方才的路和荊棘叢早就不見了蹤影,三人是越走越荒。原先寒霧之上還能看見不少的大樹,現在腳底下就剩下白茫茫一片。
封慕塵蹲下身,掬起一把沙子看了看:“是河沙和卵石,方位沒有問題。照路程來看,我們應該已經到沙河了。”
守中也從腳下的沙中扒拉出了幾粒螺殼,他驚訝道:“我們腳下的,難道就是乾涸的沙河?”
封慕塵站起來,随手将沙子揚了:“沿着河床走吧。丁卯說走到兩河交彙處就到了。”
既然方向沒錯,那就接着走吧。
走着走着,守中又憋不住話了。
“哎,我說封陰使。之前在金闕,玄老給我和酉哥下的是什麽套?既不是幻術,也不是結界,用靈力也探不到頭。”
封慕塵望了眼前方的北陰玄老,緩緩地搖了下頭。
這地方已經冷到幾乎滴水成冰的地步了,守中縮着肩搓了兩下手,接着說道:“這也太冷了!”
“辰星守南鬥,在北,民凍死。”封慕塵道,“冷還在後頭。”
“民凍死?今年是極寒?”
封慕塵緩緩地點了點頭,星象不會有假,加之之前預示亂世兵燹的星象……接下來的幾個月,人界恐怕不會安寧。
此時,玄老突然停下了腳步,封慕塵和守中見狀,也快走兩步站到了玄老身邊。
北陰玄老盯着前方,面色有些古怪。
封慕塵和守中順着他的目光望去,只見前面出現了一棵望不着頂的大樹。
守中由衷地感嘆道:“好!大!一!棵!樹!”
大樹的樹乾就像是一堵牆,凡目之所及,都是它粗糙赤紅的樹皮。大樹的下方倒是一目了然,腳下蜿蜒的寒霧竟似有生命般,向兩邊繞開了它。大樹下落滿了一簇簇金黃色的明豔花朵,花朵的基部綴了一抹紅色,像是女子臉頰上嬌俏的腮紅。
“這花真好看。”
守中撿起一朵,問道:“封陰使,你在人界走南闖北的,知道這是什麽樹嗎?”
“花似栾,不過,得看了葉才能确定。
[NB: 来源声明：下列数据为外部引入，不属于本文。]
text \<open>If \<open>x\<close> lies on a shortest path from \<open>y\<close> to \<open>y'\<close> in the Hamming metric up to one unit of
  slack, a position where \<open>y\<close> and \<open>y'\<close> agree cannot be a mismatch of \<open>x\<close>: it would be counted
  twice on the left-hand side.\<close>
lemma nth_eq_if_nearly_between:
  assumes "length x = length y" "length y' = length y"
    and slack: "card (mismatches x y) + card (mismatches x y') \<le> card (mismatches y y') + 1"
    and l: "l < length y" "l \<notin> mismatches y y'"
  shows "x ! l = y ! l"
proof (rule ccontr)
  assume "x ! l \<noteq> y ! l"
  with assms have l_both: "l \<in> mismatches x y \<inter> mismatches x y'"
    by (auto simp: mismatches_def)
  have "insert l (mismatches y y') \<subseteq> mismatches x y \<union> mismatches x y'"
    using mismatches_triangle[of y x y'] mismatches_commute[of x y] l_both assms(1,2) by auto
  from card_mono[OF _ this]
  have "card (mismatches y y') + 1 \<le> card (mismatches x y \<union> mismatches x y')"
    using l(2) by simp
  moreover have "card (mismatches x y \<inter> mismatches x y') \<ge> 1"
    using l_both by (auto simp: Suc_le_eq card_gt_0_iff)
  moreover have "card (mismatches x y \<union> mismatches x y') + card (mismatches x y \<inter> mismatches x y')
      = card (mismatches x y) + card (mismatches x y')"
    using card_Un_Int[of "mismatches x y" "mismatches x y'"] by simp
  ultimately show False using slack by linarith
qed

lemma biclique_agrees_off_mismatches:
  assumes len: "\<And>v. v \<in> X \<union> Y \<Longrightarrow> length v = n"
    and across: "\<And>x y. x \<in> X \<Longrightarrow> y \<in> Y \<Longrightarrow> card (mismatches x y) = 2"
    and x: "x \<in> X" "x' \<in> X" "3 \<le> card (mismatches x x')"
    and y: "y \<in> Y" "y' \<in> Y" "card (mismatches y y') = 3"
    and v: "v \<in> X \<union> Y" and l: "l < n" "l \<notin> mismatches y y'"
  shows "v ! l = y ! l"
proof -
  let ?D = "mismatches y y'"
  have X_agree: "u ! i = y ! i" if "u \<in> X" "i < n" "i \<notin> ?D" for u i
    using that len across y by (intro nth_eq_if_nearly_between) auto
  have "mismatches x x' \<subseteq> ?D"
  proof
    fix i assume "i \<in> mismatches x x'"
    then have "i < n" "x ! i \<noteq> x' ! i" using len x by (auto simp: mismatches_def)
    then show "i \<in> ?D" using X_agree[of x i] X_agree[of x' i] x by (cases "i \<in> ?D") auto
  qed
  then have D: "mismatches x x' = ?D"
    using x(3) y(3) by (intro card_seteq) auto
  have "w ! l = x ! l" if "w \<in> Y" for w
  proof (rule nth_eq_if_nearly_between)
    show "card (mismatches w x) + card (mismatches w x') \<le> card (mismatches x x') + 1"
      using that x y across[of x w] across[of x' w] len mismatches_commute[of w] by (simp add: D)
  qed (use that x len l D in auto)
  then show ?thesis
    using v l x X_agree by auto
qed

lemma mismatches_partition_if_between:
  assumes "length x = length y" "length y' = length y"
    and "card (mismatches x y) = 2" "card (mismatches x y') = 2" "4 \<le> card (mismatches y y')"
  shows "mismatches y y' = mismatches x y \<union> mismatches x y'"
    and "mismatches x y \<inter> mismatches x y' = {}"
proof -
  have sub: "mismatches y y' \<subseteq> mismatches x y \<union> mismatches x y'"
    using mismatches_triangle[of y x y'] mismatches_commute[of x y] assms(1,2) by simp
  moreover have "card (mismatches x y \<union> mismatches x y') \<le> 4"
    using card_Un_le[of "mismatches x y" "mismatches x y'"] assms(3,4) by simp
  ultimately show eq: "mismatches y y' = mismatches x y \<union> mismatches x y'"
    using assms(5) by (intro card_seteq) auto
  have "card (mismatches x y \<union> mismatches x y') + card (mismatches x y \<inter> mismatches x y') = 4"
    using card_Un_Int[of "mismatches x y" "mismatches x y'"] assms(3,4) by simp
  then have "card (mismatches x y \<inter> mismatches x y') = 0"
    using assms(5) unfolding eq by linarith
  then show "mismatches x y \<inter> mismatches x y' = {}"
    by (simp add: card_0_eq)
qed

lemma nth_antipode:
  assumes len: "length x = n" "length z = n" "length y = n" "length y' = n"
    and x: "card (mismatches x y) = 2" "card (mismatches x y') = 2"
    and z: "card (mismatches z y) = 2" "card (mismatches z y') = 2"
    and far: "4 \<le> card (mismatches y y')" "4 \<le> card (mismatches x z)"
    and l: "l < n"
  shows "z ! l = (if l \<in> mismatches x y then y ! l else y' ! l)"
proof -
  let ?D = "mismatches y y'"
  have x_part: "?D = mismatches x y \<union> mismatches x y'" "mismatches x y \<inter> mismatches x y' = {}"
    using mismatches_partition_if_between[of x y y'] len x far(1) by simp_all
  have z_part: "?D = mismatches z y \<union> mismatches z y'" "mismatches z y \<inter> mismatches z y' = {}"
    using mismatches_partition_if_between[of z y y'] len z far(1) by simp_all
  have agree: "v ! i = y ! i" if "v \<in> {x, z}" "i < n" "i \<notin> ?D" for v i
    using that len x z far(1) by (intro nth_eq_if_nearly_between) auto
  have "mismatches x z \<subseteq> ?D"
  proof
    fix i assume "i \<in> mismatches x z"
    then have "i < n" "x ! i \<noteq> z ! i" using len by (auto simp: mismatches_def)
    then show "i \<in> ?D" using agree[of x i] agree[of z i] by (cases "i \<in> ?D") auto
  qed
  moreover have "card ?D \<le> 4"
    using x_part(1) card_Un_le[of "mismatches x y" "mismatches x y'"] len x by simp
  ultimately have xz: "mismatches x z = ?D"
    using far(2) by (intro card_seteq) auto
  show ?thesis
  proof (cases "l \<in> ?D")
    case True
    then have "l \<in> mismatches x y \<longleftrightarrow> l \<notin> mismatches x y'"
      and "l \<in> mismatches z y \<longleftrightarrow> l \<notin> mismatches z y'"
      using x_part z_part by blast+
    moreover have "l \<in> mismatches x z" using True xz by simp
    ultimately show ?thesis
      using l len by (auto simp: mismatches_def)
  next
    case False
    then show ?thesis
      using agree[of z l] l len x_part(1) by (auto simp: mismatches_def)
  qed
qed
”
守中眯起眼向上望,可惜看了半晌,竟還是沒能望見樹冠在何處。
“栾是上古之樹。玄老,你可知道?”
“……玄老?”
封慕塵回過頭去,剛才還站在一旁的玄老竟不見了蹤影!
“哎?玄老呢?人怎麽沒了?什麽時候走的?”
“玄老?”
二人喊了兩聲,北陰玄老沒出現,倒是從上面落下來一片碩大的樹葉,砸在了封慕塵腳下。
封慕塵彎腰撿起來,翻看了兩下:“确實是栾樹。不過這葉片黃綠中透着赤色,倒是從未見過……”
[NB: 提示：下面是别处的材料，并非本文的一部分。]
theorem lemma4p7:
  fixes V :: "'v set" and r0 :: 'v and par :: "'v \<Rightarrow> 'v" and L :: enat
    and \<alpha> :: "nat \<Rightarrow> 'v" and act :: "'v \<Rightarrow> 'm::monoid_mult \<Rightarrow> 'v"
    and V' :: "'w set" and r0' :: 'w and par' :: "'w \<Rightarrow> 'w" and L' :: enat
    and \<alpha>' :: "nat \<Rightarrow> 'w" and act' :: "'w \<Rightarrow> 'm \<Rightarrow> 'w"
  assumes "elliptic_Mtree V r0 par L \<alpha> act"
    and "elliptic_Mtree V' r0' par' L' \<alpha>' act'"
  shows "(D_chi L \<alpha> act = D_chi L' \<alpha>' act') \<longleftrightarrow>
         (\<exists>\<phi>. Mtree_iso V r0 par L \<alpha> act V' r0' par' L' \<alpha>' act' \<phi>)"
proof
  assume "D_chi L \<alpha> act = D_chi L' \<alpha>' act'"
  then show "\<exists>\<phi>. Mtree_iso V r0 par L \<alpha> act V' r0' par' L' \<alpha>' act' \<phi>"
    using transport_iso[OF assms] by blast
next
  assume "\<exists>\<phi>. Mtree_iso V r0 par L \<alpha> act V' r0' par' L' \<alpha>' act' \<phi>"
  then obtain \<phi> where "Mtree_iso V r0 par L \<alpha> act V' r0' par' L' \<alpha>' act' \<phi>" ..
  then show "D_chi L \<alpha> act = D_chi L' \<alpha>' act'" by (rule iso_imp_D_eq[OF assms(1)])
qed

end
封慕塵說着說着,突然止住了話,這樹怎麽感覺與雪曾說過的,長在玉京宮懸崖邊的赤皮老樹有些相像?
“封陰使,快別管黃的紅的了,人都不見了,我們還不快去找。”
守中邊唠叨邊繞着樹走了一圈,正欲再走,突然就盯着樹乾上方喊了起來。
“封陰使,你來看看,這樹上是不是刻着什麽字?”
封慕塵将手裏的葉子随手扔了,走到守中身邊,擡頭向上望去。果然,在目力幾乎不能及的地方,有個金色的“癸”字,依稀可辨。
“我上去看看。”
守中縱身一躍,借着樹乾很快就上到了看不見的地方。等了許久,才重新落回了封慕塵身邊。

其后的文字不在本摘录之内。